Послесловие означало приближение Тишины, и это пугало, потому что, ничего не поняв, он оставлял жизнь и погружался в Беззвучие, не зная, какие вопросы следует задавать.
Месяца за два до того, как тело его превратилось в вялую, почти бескровную куклу, он неожиданно ощутил соприкосновение своего рассудка с невидимой тканью (поэт, вероятно, назвал бы подобное состояние благословенным величием мира). Чьё–то дыхание щедро отогрело его память, и он увидел свою пёструю жизнь, словно это было гигантское свеженаписанное полотно, ещё отблёскивающее маслом на свету и густо пахнущее. Он вцепился в авторучку и принялся торопливо пересказывать увиденное. Строчки текли одна за другой. Он вспоминал и пересматривал по много раз ушедшие дни, но память не наполняла сердце пониманием.

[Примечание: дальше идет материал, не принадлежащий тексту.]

(* Let $\theta=q/r$ with $q,r$ coprime positive integers and let $(U,V)$ be an irreducible finite-dimensional unitary representation of $\mathcal A_\theta$ on $\mathcal H$. Then every irreducible finite-dimensional representation of $\mathcal A_\theta$ is unitarily equivalent to $(sU,tV)$ for some $s,t\in S^1$ (so the irreducible representations are indexed by points of a 2-torus), and all the bundles $\mathcal E_\pi$ associated with irreducible finite-dimensional representations $\pi$ of $\mathcal A_\theta$ are isomorphic as topological complex vector bundles over $\mathbb C/\Lambda$.
   Context: Let $\tau\in\mathbb C$ with $\mathrm{Im}\,\tau>0$, $\Lambda=\mathbb Z+\tau\mathbb Z$, $\theta>0$, $\alpha:=\pi\theta/\mathrm{Im}\,\tau$. $\mathcal A_\theta$ is the noncommutative torus generated by unitaries $u,v$ with $vu=e^{2\pi i\theta}uv$. For a representation $\pi$ of $\mathcal A_\theta$ on a finite-dimensional Hilbert space $\mathcal H_\pi$ and $\gamma=n+\tau m\in\Lambda$, set $J^\pi_\gamma(z)=\exp(\alpha(z\bar\gamma+\frac12|\gamma|^2))e^{\pi i\theta nm}\pi(u)^{-n}\pi(v)^{-m}$; $\mathcal E_\pi\to\mathbb C/\Lambda$ is the holomorphic vector bundle whose smooth (resp. holomorphic) sections are smooth (resp. holomorphic) maps $s:\mathbb C\to\mathcal H_\pi$ with $s(z+\gamma)=J^\pi_\gamma(z)s(z)$ for all $\gamma\in\Lambda$. *)

theory Defs
  imports "HOL-Analysis.Analysis"
begin

text \<open>Finite-dimensional Hilbert spaces are modelled as complex^'n (standard inner product);
linear maps as matrices complex^'n^'m (mapping complex^'n to complex^'m via *v).\<close>

definition cadj :: "complex^'n^'m \<Rightarrow> complex^'m^'n" where
  "cadj A = (\<chi> i j. cnj (A $ j $ i))"

definition cscale :: "complex \<Rightarrow> complex^'n^'m \<Rightarrow> complex^'n^'m" where
  "cscale c A = (\<chi> i j. c * A $ i $ j)"

definition unitary_map :: "complex^'n^'m \<Rightarrow> bool" where
  "unitary_map W \<longleftrightarrow> W ** cadj W = mat 1 \<and> cadj W ** W = mat 1"

primrec mpow :: "complex^'n^'n \<Rightarrow> nat \<Rightarrow> complex^'n^'n" where
  "mpow A 0 = mat 1"
| "mpow A (Suc k) = A ** mpow A k"

definition mpow_int :: "complex^'n^'n \<Rightarrow> int \<Rightarrow> complex^'n^'n" where
  "mpow_int A k = (if 0 \<le> k then mpow A (nat k) else mpow (matrix_inv A) (nat (- k)))"

text \<open>A (unital *-)representation of the noncommutative torus A_theta on complex^'n:
unitaries pi(u)=U, pi(v)=V with V U = e^(2 pi i theta) U V.\<close>
definition is_rep :: "real \<Rightarrow> complex^'n^'n \<Rightarrow> complex^'n^'n \<Rightarrow> bool" where
  "is_rep \<theta> U V \<longleftrightarrow> unitary_map U \<and> unitary_map V \<and>
     V ** U = cscale (exp (2 * pi * \<i> * of_real \<theta>)) (U ** V)"

definition csubspace :: "(complex^'n) set \<Rightarrow> bool" where
  "csubspace S \<longleftrightarrow> 0 \<in> S \<and> (\<forall>x\<in>S. \<forall>y\<in>S. x + y \<in> S) \<and> (\<forall>c::complex. \<forall>x\<in>S. c *s x \<in> S)"

definition irreducible_rep :: "real \<Rightarrow> complex^'n^'n \<Rightarrow> complex^'n^'n \<Rightarrow> bool" where
  "irreducible_rep \<theta> U V \<longleftrightarrow> is_rep \<theta> U V \<and>
     (\<forall>S. csubspace S \<and> (\<forall>x\<in>S. U *v x \<in> S \<and> V *v x \<in> S) \<longrightarrow> S = {0} \<or> S = UNIV)"

definition unit_equiv :: "complex^'n^'n \<Rightarrow> complex^'n^'n \<Rightarrow> complex^'m^'m \<Rightarrow> complex^'m^'m \<Rightarrow> bool" where
  "unit_equiv U V U' V' \<longleftrightarrow> (\<exists>W :: complex^'n^'m. unitary_map W \<and>
      U' = W ** U ** cadj W \<and> V' = W ** V ** cadj W)"

definition Jfac :: "real \<Rightarrow> complex \<Rightarrow> complex^'n^'n \<Rightarrow> complex^'n^'n \<Rightarrow> int \<Rightarrow> int \<Rightarrow> complex \<Rightarrow> complex^'n^'n" where
  "Jfac \<theta> \<tau> U V n m z =
     (let \<gamma> = of_int n + \<tau> * of_int m; \<alpha> = pi * \<theta> / Im \<tau> in
      cscale (exp (of_real \<alpha> * (z * cnj \<gamma> + of_real ((cmod \<gamma>)\<^sup>2 / 2)))
              * exp (of_real (pi * \<theta>) * \<i> * of_int n * of_int m))
             (mpow_int U (- n) ** mpow_int V (- m)))"

text \<open>Isomorphism of the topological complex vector bundles E_pi, E_pi' over C/Lambda defined by
the factors of automorphy: a continuous family of invertible linear maps Phi(z): H_pi \<rightarrow> H_pi'
intertwining the factors, Phi(z+gamma) J^pi_gamma(z) = J^pi'_gamma(z) Phi(z).\<close>
definition bundle_iso :: "real \<Rightarrow> complex \<Rightarrow> complex^'n^'n \<Rightarrow> complex^'n^'n \<Rightarrow> complex^'m^'m \<Rightarrow> complex^'m^'m \<Rightarrow> bool" where
  "bundle_iso \<theta> \<tau> U V U' V' \<longleftrightarrow> (\<exists>\<Phi> :: complex \<Rightarrow> complex^'n^'m.
     continuous_on UNIV \<Phi> \<and> (\<forall>z. invertible (\<Phi> z)) \<and>
     (\<forall>n m z. \<Phi> (z + of_int n + \<tau> * of_int m) ** Jfac \<theta> \<tau> U V n m z
              = Jfac \<theta> \<tau> U' V' n m z ** \<Phi> z))"

end

theory Submission
  imports Defs "Jordan_Normal_Form.Spectral_Radius"
begin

Радость, слёзы умиления и боль ложились на желтоватую бумагу; от осознания же (волшебно–спасительного) не было и следа. И мелодия жизни услышанная, но не поддержанная, улетучилась.
От выпавшей авторучки остались фиолетовые кляксы с махровыми краями.
Послесловие дописывал не он. Он лежал и шарил глазами, и перед ним из затхлого сумрака квартиры возникали страницы написанной им книги, никем не прочитанные, никому не показанные, неизвестно к кому готовые попасть. Каждая строчка, неопрятным почерком положенная на шероховатую бумажную поверхность, проползала перед ним загадкой жгучих чувств. Когда–то он жил ими, нынче они остались только словами. Белёсые глаза его читали, но землистого цвета почти безволосая голова и мятое, как вата, тело оставались безучастными.
Он родился давно…
Я родился давно. Говорят, мой первый крик раздался в обеденное время и был похож на кашель поперхнувшегося ребёнка. Сам я не помню. По крайней мере, время моего появления на свет не сделало меня большим любителем обильного обеда. Хотя временами меня охватывал самый настоящий жор, который можно встретить разве что в гротескном фильме. Тогда обильная слюна выделялась у меня при виде жирных капель на коричневой (где временами попадались волосики среди набухших пупырышков) корочке запечённого в духовке гуся или при виде растёкшейся кремовой лавы на пористых ломтях сочного бисквита.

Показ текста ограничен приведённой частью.